Don't paralyze government

Impeachment trial: Senate should take the time needed, and not delay State of the Union address.

January 05, 1999

PRESIDENT Clinton should deliver the State of the Union address to Congress on time Jan. 19. If members are too embarrassed to invite Mr. Clinton to the Capitol, he can send it on paper as did 19th century presidents. Then there's nothing to stop him from addressing the American public on television.

The worst idea yet came from senators of both parties who said Mr. Clinton should delay his speech, so as not to mingle with them while under impeachment.

Nonsense. President Clinton has been good about carrying out duties while under a cloud.
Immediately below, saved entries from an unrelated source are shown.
lemma antitone_chain_stabilizes:
  assumes f: "\<And>n. f n \<in> H" "\<And>n. f (Suc n) \<preceq> f n" and "finite (f ` {m..})"
  shows "\<exists>N. \<forall>n\<ge>N. f n = f N"
proof -
  obtain N where N: "N \<ge> m" "infinite {n \<in> {m..}. f n = f N}"
    using pigeonhole_infinite[of "{m..}" f] assms(3) infinite_Ici by auto
  have "f n = f N" if "n \<ge> N" for n
  proof -
    obtain k where "n \<le> k" "f k = f N"
      using N(2) unfolding infinite_nat_iff_unbounded_le by blast
    then have "f N \<preceq> f n"
      using antitone_chain_le[of f, OF f \<open>n \<le> k\<close>] by simp
    then show ?thesis
      using antisym_le[OF f(1) f(1) antitone_chain_le[of f, OF f that]] by blast
  qed
  then show ?thesis by blast
qed

lemma pi_set_chain_stabilizes:
  assumes discrete: "discrete_pocset H (\<preceq>) star zero"
    and A: "\<forall>a\<in>A. proper H star zero a" "finite A"
    and f: "\<And>n. f n \<in> pi_set H (\<preceq>) star A" "\<And>n. f (Suc n) \<preceq> f n"
  shows "\<exists>N. \<forall>n\<ge>N. f n = f N"
proof -
  let ?S = "A \<union> star ` A"
  have S_proper: "\<forall>c\<in>?S. proper H star zero c"
    using A(1) proper_star by blast
  then have "?S \<subseteq> H"
    by (auto simp: proper_def)
  have f_H: "f n \<in> H" for n
    using f(1) by (auto simp: mem_pi_set)
  have "\<exists>c\<in>?S. c \<preceq> f n" for n
    using f(1)[of n] by (auto simp: mem_pi_set)
  moreover have "finite ?S"
    using A(2) by simp
  ultimately obtain c where "c \<in> ?S" and c_le: "\<And>n. c \<preceq> f n"
    using antitone_chain_common_lower_bound[of f, OF f_H f(2) _ \<open>?S \<subseteq> H\<close>] by blast
  then have c: "proper H star zero c" "c \<in> H"
    using S_proper by (auto simp: proper_def)
  show ?thesis
  proof (cases "\<forall>n. f n = star zero")
    case False
    then obtain m where "f m \<noteq> star zero"
      by blast
    moreover have "f m \<noteq> zero"
    proof
      assume "f m = zero"
      then have "c = zero"
        using antisym_le[OF c(2) zero_mem] c_le[of m] zero_le[OF c(2)] by simp
      then show False
        using c(1) by (simp add: proper_def)
    qed
    ultimately have "proper H star zero (f m)"
      using f_H by (simp add: proper_def)
    then have "finite {h \<in> H. c \<preceq> h \<and> h \<preceq> f m}"
      using discrete c(1) unfolding discrete_pocset_def by blast
    moreover have "f ` {m..} \<subseteq> {h \<in> H. c \<preceq> h \<and> h \<preceq> f m}"
      using f_H c_le antitone_chain_le[of f, OF f_H f(2)] by auto
    ultimately show ?thesis
      using antitone_chain_stabilizes[of f, OF f_H f(2) finite_subset] by blast
  qed auto
qed

lemma principal_ultrafilter_pi_set:
  assumes "discrete_pocset H (\<preceq>) star zero" "omega_dimensional H (\<preceq>) star"
    and "\<exists>h. proper H star zero h" and A: "maximal_transverse H (\<preceq>) star zero A"
  shows "principal_ultrafilter H (\<preceq>) star (pi_set H (\<preceq>) star A)"
proof -
  have A_proper: "\<forall>a\<in>A. proper H star zero a" and "transverse_set (\<preceq>) star A"
    using A by (auto simp: maximal_transverse_def)
  moreover have "A \<subseteq> H"
    using A_proper by (auto simp: proper_def)
  ultimately have "finite A"
    using assms(2) unfolding omega_dimensional_def by blast
  have "A \<noteq> {}"
  proof
    assume "A = {}"
    obtain h where "proper H star zero h"
      using assms(3) by blast
    then have "(\<forall>b\<in>{h}. proper H star zero b) \<and> transverse_set (\<preceq>) star {h} \<and> A \<subseteq> {h}"
      using \<open>A = {}\<close> by (simp add: transverse_set_def)
    then have "{h} = A"
      using A unfolding maximal_transverse_def by blast
    then show False
      using \<open>A = {}\<close> by blast
  qed
  have "\<exists>N. \<forall>n\<ge>N. f n = f N"
    if "\<forall>n. f n \<in> pi_set H (\<preceq>) star A" "\<forall>n. f (Suc n) \<preceq> f n" for f
    using pi_set_chain_stabilizes[OF assms(1) A_proper \<open>finite A\<close>, of f] that by blast
  then show ?thesis
    using ultrafilter_pi_set[OF A \<open>A \<noteq> {}\<close>] unfolding principal_ultrafilter_def by blast
qed

subsection \<open>Principal ultrafilters\<close>

lemma ultrafilter_up_closed:
  assumes "ultrafilter H (\<preceq>) star \<alpha>" "h \<in> \<alpha>" "k \<in> H" "h \<preceq> k"
  shows "k \<in> \<alpha>"
  using assms unfolding ultrafilter_def by (metis star_star)

lemma ultrafilter_star_notin: "ultrafilter H (\<preceq>) star \<alpha> \<Longrightarrow> h \<in> \<alpha> \<Longrightarrow> star h \<notin> \<alpha>"
  unfolding ultrafilter_def by blast

lemma ultrafilter_zero_notin: "ultrafilter H (\<preceq>) star \<alpha> \<Longrightarrow> zero \<notin> \<alpha>"
  unfolding ultrafilter_def using zero_le star_mem zero_mem by blast

lemma principal_ultrafilter_minimal_below:
  assumes \<alpha>: "principal_ultrafilter H (\<preceq>) star \<alpha>" and x: "x \<in> \<alpha>"
  shows "\<exists>m\<in>minimal_elements (\<preceq>) \<alpha>. m \<preceq> x"
proof -
  have \<alpha>_H: "\<alpha> \<subseteq> H"
    using \<alpha> by (simp add: principal_ultrafilter_def ultrafilter_def)
  let ?R = "{(y, z). y \<in> \<alpha> \<and> z \<in> \<alpha> \<and> y \<preceq> z \<and> y \<noteq> z}"
  have "wf ?R"
    unfolding wf_iff_no_infinite_down_chain
  proof
    assume "\<exists>f. \<forall>i. (f (Suc i), f i) \<in> ?R"
    then obtain f where f: "\<forall>i. f i \<in> \<alpha>" "\<forall>i. f (Suc i) \<preceq> f i" "\<And>i. f (Suc i) \<noteq> f i"
      by auto
    obtain N where "\<forall>n\<ge>N. f n = f N"
      using \<alpha> f(1,2) unfolding principal_ultrafilter_def by blast
    then show False
      using f(3)[of N] le_SucI by blast
  qed
  moreover have "x \<in> {y \<in> \<alpha>. y \<preceq> x}"
    using x \<alpha>_H refl_le by blast
  ultimately obtain m where m: "m \<in> \<alpha>" "m \<preceq> x"
    and no_smaller: "\<And>y. (y, m) \<in> ?R \<Longrightarrow> y \<notin> {y \<in> \<alpha>. y \<preceq> x}"
    by (rule wfE_min) blast
  have "h = m" if h: "h \<in> \<alpha>" "h \<preceq> m" for h
  proof -
    have "h \<preceq> x"
      using trans_le[OF _ _ _ h(2) m(2)] h(1) m(1) x \<alpha>_H by blast
    then show ?thesis
      using no_smaller[of h] h m(1) by blast
  qed
  then have "m \<in> minimal_elements (\<preceq>) \<alpha>"
    using m(1) by (auto simp: minimal_elements_def)
  then show ?thesis
    using m by blast
qed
The address is a constitutional mandate for the president to give and for Congress to receive.

So far, government has not been paralyzed. And it should not be now to feed senators' sense of self-importance while they dither on what procedures to adopt.
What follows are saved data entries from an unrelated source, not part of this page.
(* Let $\alpha>0$, $\nu:=\nu(\alpha)$, and let $(a_n)_{n\ge1}$ be a sequence of positive reals. Define $(\chi_t)_{t\ge1}$ inductively by $$\chi_t:=\max\Big\{a_t,\ \tfrac{t-1}{\alpha}\chi_1,\ \tfrac{t-2}{\alpha}\chi_2,\ \dots,\ \tfrac1\alpha\chi_{t-1}\Big\}$$ (so $\chi_1=a_1$). If $\lim_{n\to\infty}a_ne^{-\nu n}=0$, then there are constants $0<c'\le c<\infty$ such that $c'e^{\nu t}\le\chi_t\le ce^{\nu t}$ for all $t\ge1$; consequently $\lim_{t\to\infty}\frac{\log\chi_t}{t}=\nu$.
   Context: For $\alpha>0$, let $T=T(\alpha)\in\mathbb N$ be the unique positive integer with $\frac{(T-1)^T}{T^{T-1}}<\alpha\le\frac{T^{T+1}}{(T+1)^T}$, and define $\nu(\alpha):=\frac1T\log\frac T\alpha$. *)

theory Defs
  imports "HOL-Analysis.Analysis"
begin

definition T_of :: "real \<Rightarrow> nat" where
  "T_of \<alpha> = (THE T::nat. T \<ge> 1 \<and>
      real (T - 1) ^ T / real T ^ (T - 1) < \<alpha> \<and>
      \<alpha> \<le> real T ^ (T + 1) / real (T + 1) ^ T)"

definition nu :: "real \<Rightarrow> real" where
  "nu \<alpha> = (1 / real (T_of \<alpha>)) * ln (real (T_of \<alpha>) / \<alpha>)"

function chi :: "(nat \<Rightarrow> real) \<Rightarrow> real \<Rightarrow> nat \<Rightarrow> real" where
  "chi a \<alpha> t = (if t \<le> 1 then a t
     else max (a t) (Max ((\<lambda>k. real (t - k) / \<alpha> * chi a \<alpha> k) ` {1..<t})))"
  by auto
termination by (relation "Wellfounded.measure (\<lambda>(a, \<alpha>, t). t)") auto

end

theory Submission
  imports Defs
begin

text \<open>With \<open>x = exp \<nu>\<close>, the choice of \<open>\<nu>\<close> gives \<open>\<alpha> x\<^sup>T = T\<close>, and the two inequalities defining
  \<open>T\<close> say exactly that \<open>m x\<^sup>-\<^sup>m\<close> is maximal at \<open>m = T\<close>. Hence \<open>m / \<alpha> \<le> exp (\<nu> m)\<close> for all
  \<open>m \<ge> 1\<close>, with equality at \<open>m = T\<close>. The first fact makes \<open>c exp (\<nu> t)\<close> a supersolution of the
  recursion as soon as it dominates \<open>a\<close>, which it does for large \<open>c\<close> because \<open>a\<^sub>n exp (-\<nu> n)\<close> is
  bounded; the second gives \<open>\<chi>\<^sub>t \<ge> exp (\<nu> T) \<chi>\<^sub>t\<^sub>-\<^sub>T\<close>, so a lower bound on \<open>{1..T}\<close> propagates.\<close>

definition threshold :: "nat \<Rightarrow> real" where
  "threshold n = real n ^ Suc n / real (Suc n) ^ n"

lemma threshold_less_Suc: "threshold n < threshold (Suc n)"
proof -
  have "(real n * real (n + 2)) ^ Suc n < (real (Suc n) ^ 2) ^ Suc n"
    by (rule power_strict_mono) (auto simp: power2_eq_square algebra_simps)
  then have "real n ^ Suc n * real (n + 2) ^ Suc n < real (Suc n) ^ Suc (Suc n) * real (Suc n) ^ n"
    by (simp only: power_mult_distrib power_mult[symmetric] power_add[symmetric]) (simp add: mult_2)
  then show ?thesis
    unfolding threshold_def by (simp add: divide_simps)
qed

lemma strict_mono_threshold: "strict_mono threshold"
  by (rule strict_monoI_Suc) (rule threshold_less_Suc)

lemma threshold_lower_bound: "real n / exp 1 \<le> threshold n"
proof (cases "n = 0")
  case False
  have "(1 + 1 / real n) ^ n \<le> exp 1"
    using exp_ge_one_plus_x_over_n_power_n[where x=1 and n=n] False by simp
  also have "(1 + 1 / real n) ^ n = real (Suc n) ^ n / real n ^ n"
    using False by (simp add: field_simps power_divide)
  finally have "real (Suc n) ^ n \<le> exp 1 * real n ^ n"
    using False by (simp add: divide_le_eq)
  then show ?thesis
    unfolding threshold_def using False
    by (simp add: divide_simps mult.commute mult_left_mono)
qed (simp add: threshold_def)

lemma strict_mono_ex1_bracket:
  fixes f :: "nat \<Rightarrow> 'a::linorder"
  assumes "strict_mono f" "f 0 < y" "y \<le> f N"
  shows "\<exists>!n. f n < y \<and> y \<le> f (Suc n)"
proof -
  define M where "M = (LEAST n. y \<le> f n)"
  have "y \<le> f M" unfolding M_def by (rule LeastI[of _ N]) fact
  moreover have "M \<noteq> 0" using \<open>y \<le> f M\<close> assms(2) by (metis leD)
  then obtain n where n: "M = Suc n" using not0_implies_Suc by blast
  moreover have "f n < y" using not_less_Least[of n "\<lambda>n. y \<le> f n"] n M_def by auto
  ultimately have ex: "f n < y \<and> y \<le> f (Suc n)" by simp
  have "m = n" if "f m < y \<and> y \<le> f (Suc m)" for m
    using that ex strict_mono_less_eq[OF assms(1)]
    by (metis Suc_leI leD linorder_neqE_nat order.strict_trans2)
  with ex show ?thesis by blast
qed

lemma T_of_threshold:
  assumes "\<alpha> > 0"
  shows "T_of \<alpha> \<ge> 1" "threshold (T_of \<alpha> - 1) < \<alpha>" "\<alpha> \<le> threshold (T_of \<alpha>)"
proof -
  obtain N :: nat where "\<alpha> * exp 1 \<le> real N" using real_arch_simple by blast
  then have "\<alpha> \<le> real N / exp 1"
    by (simp add: field_simps)
  then have "\<alpha> \<le> threshold N"
    using threshold_lower_bound[of N] by linarith
  then have "\<exists>!S. threshold S < \<alpha> \<and> \<alpha> \<le> threshold (Suc S)"
    using strict_mono_ex1_bracket[OF strict_mono_threshold] assms
    by (simp add: threshold_def)
  then obtain S where S: "threshold S < \<alpha>" "\<alpha> \<le> threshold (Suc S)"
    and S_unique: "\<And>S'. threshold S' < \<alpha> \<Longrightarrow> \<alpha> \<le> threshold (Suc S') \<Longrightarrow> S' = S"
    by blast
  have "T \<ge> 1 \<and> real (T - 1) ^ T / real T ^ (T - 1) < \<alpha> \<and>
      \<alpha> \<le> real T ^ (T + 1) / real (T + 1) ^ T \<longleftrightarrow> T = Suc S" for T
  proof (cases T)
    case (Suc m)
    then have "real (T - 1) ^ T / real T ^ (T - 1) = threshold m"
      and "real T ^ (T + 1) / real (T + 1) ^ T = threshold (Suc m)"
      by (simp_all add: threshold_def)
    then show ?thesis
      using Suc S S_unique[of m] by auto
  qed simp
  then have "T_of \<alpha> = Suc S"
    unfolding T_of_def by simp
  then show "T_of \<alpha> \<ge> 1" "threshold (T_of \<alpha> - 1) < \<alpha>" "\<alpha> \<le> threshold (T_of \<alpha>)"
    using S by simp_all
qed

text \<open>The ratio of consecutive terms of \<open>m x\<^sup>-\<^sup>m\<close> is \<open>(m + 1) / (m x)\<close>; the hypotheses make it
  at least \<open>1\<close> for \<open>m < T\<close> and at most \<open>1\<close> for \<open>m \<ge> T\<close>.\<close>

lemma mult_power_le_at_peak:
  fixes x :: real
  assumes "x > 0" "T \<ge> 1" "real T + 1 \<le> real T * x" "(real T - 1) * x \<le> real T" "m \<ge> 1"
  shows "real m * x ^ T \<le> real T * x ^ m"
proof (cases "T \<le> m")
  case True
  then show ?thesis
  proof (induction m rule: dec_induct)
    case (step n)
    have "real T * (real n + 1) \<le> real n * (real T + 1)"
      using step.hyps(1) by (simp add: algebra_simps)
    also have "\<dots> \<le> real T * (real n * x)"
      using mult_left_mono[OF assms(3), of "real n"] by (simp add: algebra_simps)
    finally have "real n + 1 \<le> real n * x"
      using assms(2) by simp
    from mult_right_mono[OF this, of "x ^ T"]
    have "real (Suc n) * x ^ T \<le> real n * x ^ T * x"
      using assms(1) by (simp add: algebra_simps)
    also have "\<dots> \<le> real T * x ^ n * x"
      using step.IH assms(1) by (simp add: mult_right_mono)
    finally show ?case by (simp add: algebra_simps)
  qed simp
next
  case False
  then have "m \<le> T" by simp
  then show ?thesis
  proof (induction m rule: inc_induct)
    case (step n)
    have "(real T - 1) * (real n * x) \<le> real n * real T"
      using mult_left_mono[OF assms(4), of "real n"] by (simp add: algebra_simps)
    also have "\<dots> \<le> (real T - 1) * (real n + 1)"
      using step.hyps(2) by (simp add: algebra_simps)
    finally have "(real T - 1) * (real n * x) \<le> (real T - 1) * (real n + 1)" .
    moreover have "real T - 1 > 0"
      using step.hyps assms(5) by simp
    ultimately have "real n * x \<le> real n + 1"
      by simp
    from mult_right_mono[OF this, of "x ^ T"]
    have "real n * x ^ T * x \<le> real (Suc n) * x ^ T"
      using assms(1) by (simp add: algebra_simps)
    also have "\<dots> \<le> real T * x ^ n * x"
      using step.IH by (simp add: algebra_simps)
    finally show ?case
      using assms(1) by simp
  qed simp
qed

lemma exp_nu_T_of:
  assumes "\<alpha> > 0"
  shows "\<alpha> * exp (nu \<alpha> * real (T_of \<alpha>)) = real (T_of \<alpha>)"
proof -
  have "real (T_of \<alpha>) > 0"
    using T_of_threshold(1)[OF assms] by simp
  then show ?thesis
    using assms unfolding nu_def by simp
qed

lemma le_exp_nu:
  assumes "\<alpha> > 0" "m \<ge> 1"
  shows "real m \<le> \<alpha> * exp (nu \<alpha> * real m)"
proof -
  define T where "T = T_of \<alpha>"
  define x where "x = exp (nu \<alpha>)"
  have x_power: "exp (nu \<alpha> * real n) = x ^ n" for n
    unfolding x_def exp_of_nat_mult[symmetric] by (simp add: mult.commute)
  have T: "T \<ge> 1"
    using T_of_threshold(1)[OF assms(1)] by (simp add: T_def)
  have x: "x > 0"
    by (simp add: x_def)
  have xT: "\<alpha> * x ^ T = real T"
    using exp_nu_T_of[OF assms(1)] by (simp add: T_def x_power)
  have "real T * real (Suc T) ^ T = \<alpha> * real (Suc T) ^ T * x ^ T"
    using xT by (simp add: algebra_simps)
  also have "\<dots> \<le> real T ^ Suc T * x ^ T"
    using T_of_threshold(3)[OF assms(1)] x
    by (simp add: T_def threshold_def pos_le_divide_eq mult_right_mono)
  finally have "real (Suc T) ^ T \<le> (real T * x) ^ T"
    using T by (simp add: power_mult_distrib)
  then have up: "real T + 1 \<le> real T * x"
    using T x by simp
  have "threshold (T - 1) = real (T - 1) ^ T / real T ^ (T - 1)"
    using T by (simp add: threshold_def)
  then have "real (T - 1) ^ T < \<alpha> * real T ^ (T - 1)"
    using T_of_threshold(2)[OF assms(1)] T by (simp add: T_def pos_divide_less_eq)
  then have "(real (T - 1) * x) ^ T < \<alpha> * real T ^ (T - 1) * x ^ T"
    using x by (simp add: power_mult_distrib)
  also have "\<dots> = real T ^ T"
    using xT T by (simp add: power_eq_if algebra_simps)
  finally have down: "(real T - 1) * x \<le> real T"
    using T by (auto dest!: power_less_imp_less_base simp: of_nat_diff)
  have "real T * real m = \<alpha> * (real m * x ^ T)"
    using xT by (simp add: algebra_simps)
  also have "\<dots> \<le> \<alpha> * (real T * x ^ m)"
    using mult_power_le_at_peak[OF x T up down assms(2)] assms(1) by simp
  finally have "real T * real m \<le> real T * (\<alpha> * x ^ m)"
    by (simp add: algebra_simps)
  then show ?thesis
    using T by (simp add: x_power)
qed

declare chi.simps [simp del]

lemma chi_ge_a: "t \<ge> 1 \<Longrightarrow> a t \<le> chi a \<alpha> t"
  by (subst chi.simps) auto

lemma chi_ge_scaled:
  assumes "1 \<le> k" "k < t"
  shows "real (t - k) / \<alpha> * chi a \<alpha> k \<le> chi a \<alpha> t"
proof -
  have "real (t - k) / \<alpha> * chi a \<alpha> k \<le> Max ((\<lambda>k. real (t - k) / \<alpha> * chi a \<alpha> k) ` {1..<t})"
    using assms by (intro Max_ge) auto
  then show ?thesis
    using assms by (subst chi.simps) simp
qed

lemma chi_le:
  assumes "a t \<le> B" "\<And>k. 1 \<le> k \<Longrightarrow> k < t \<Longrightarrow> real (t - k) / \<alpha> * chi a \<alpha> k \<le> B"
  shows "chi a \<alpha> t \<le> B"
  using assms by (subst chi.simps) auto

lemma chi_pos: "(\<And>n. n \<ge> 1 \<Longrightarrow> a n > 0) \<Longrightarrow> t \<ge> 1 \<Longrightarrow> chi a \<alpha> t > 0"
  using chi_ge_a less_le_trans by blast


lemma chi_exp_lower_bound:
  assumes "\<alpha> > 0" "\<And>n. n \<ge> 1 \<Longrightarrow> a n > 0" "T \<ge> 1" "exp (v * real T) \<le> real T / \<alpha>"
  obtains c' where "c' > 0" "\<And>t. t \<ge> 1 \<Longrightarrow> c' * exp (v * real t) \<le> chi a \<alpha> t"
proof
  define c' where "c' = Min ((\<lambda>t. chi a \<alpha> t / exp (v * real t)) ` {1..T})"
  show "c' > 0"
    unfolding c'_def using assms(3) by (subst Min_gr_iff) (auto intro!: divide_pos_pos chi_pos assms(2))
  show "c' * exp (v * real t) \<le> chi a \<alpha> t" if "t \<ge> 1" for t
    using that
  proof (induction t rule: less_induct)
    case (less t)
    show ?case
    proof (cases "t \<le> T")
      case True
      then have "c' \<le> chi a \<alpha> t / exp (v * real t)"
        unfolding c'_def using less.prems by (intro Min_le) auto
      then show ?thesis
        by (simp add: pos_le_divide_eq)
    next
      case False
      define k where "k = t - T"
      have k: "1 \<le> k" "k < t" "t - k = T" "t = T + k"
        using False assms(3) by (auto simp: k_def)
      have "c' * exp (v * real t) = exp (v * real T) * (c' * exp (v * real k))"
        using k(4) by (simp add: exp_add[symmetric] algebra_simps)
      also have "\<dots> \<le> real (t - k) / \<alpha> * chi a \<alpha> k"
        using assms(1,4) less.IH[OF k(2,1)] k(3) \<open>c' > 0\<close>
        by (intro mult_mono) auto
      also have "\<dots> \<le> chi a \<alpha> t"
        using k(1,2) by (rule chi_ge_scaled)
      finally show ?thesis .
    qed
  qed
qed

lemma chi_exp_upper_bound:
  assumes "\<alpha> > 0" "\<And>m. m \<ge> 1 \<Longrightarrow> real m \<le> \<alpha> * exp (v * real m)"
    and "K \<ge> 0" "\<And>n. n \<ge> 1 \<Longrightarrow> a n \<le> K * exp (v * real n)" "t \<ge> 1"
  shows "chi a \<alpha> t \<le> K * exp (v * real t)"
  using assms(5)
proof (induction t rule: less_induct)
  case (less t)
  show ?case
  proof (rule chi_le)
    show "a t \<le> K * exp (v * real t)"
      using assms(4) less.prems .
    fix k assume k: "1 \<le> k" "k < t"
    have "real (t - k) / \<alpha> \<le> exp (v * real (t - k))"
      using assms(1) assms(2)[of "t - k"] k by (simp add: pos_divide_le_eq mult.commute)
    have "real (t - k) / \<alpha> * chi a \<alpha> k \<le> real (t - k) / \<alpha> * (K * exp (v * real k))"
      using less.IH[OF k(2,1)] assms(1) by (intro mult_left_mono) auto
    also have "\<dots> \<le> exp (v * real (t - k)) * (K * exp (v * real k))"
      using \<open>real (t - k) / \<alpha> \<le> _\<close> assms(3) by (intro mult_right_mono) auto
    also have "\<dots> = K * exp (v * real t)"
      using k by (simp add: exp_add[symmetric] algebra_simps of_nat_diff)
    finally show "real (t - k) / \<alpha> * chi a \<alpha> k \<le> K * exp (v * real t)" .
  qed
qed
The Senate can hold a short proceeding, along the lines floated by Majority Leader Trent Lott, to decide whether the House charges against the president, if true, require his removal from office. That would mean House presentation of the case and a White House response. If the Senate decides that the charges are insufficient, it should adjourn the trial. Then it could think about censure.

But if a majority of the Senate concludes that the charges - if true - merit removal, it should hold a lengthy trial, with witnesses and cross-examination, to seek the required two-thirds vote needed for conviction.

The notion that the senators already know the facts is fatuous. A prosecutor's compilation of evidence might be sufficient in ``Alice in Wonderland,'' but not in the United States of America.

Since the House adopted two impeachment articles that appear to go beyond what it can prove, there is no hope the White House will stipulate anything. Each article needs to be proven.

The idea of sparing the American public the sordid details is disingenuous. The people were fed details from one side when it was inappropriate. They need not be denied a fairer presentation by both sides when it isI appropriate.

Quick disposition would chastise the House for trivializing impeachment. But if a lengthy trial is ordained, the business of the nation should go forward at the same time. That begins with the budget and State of the Union message.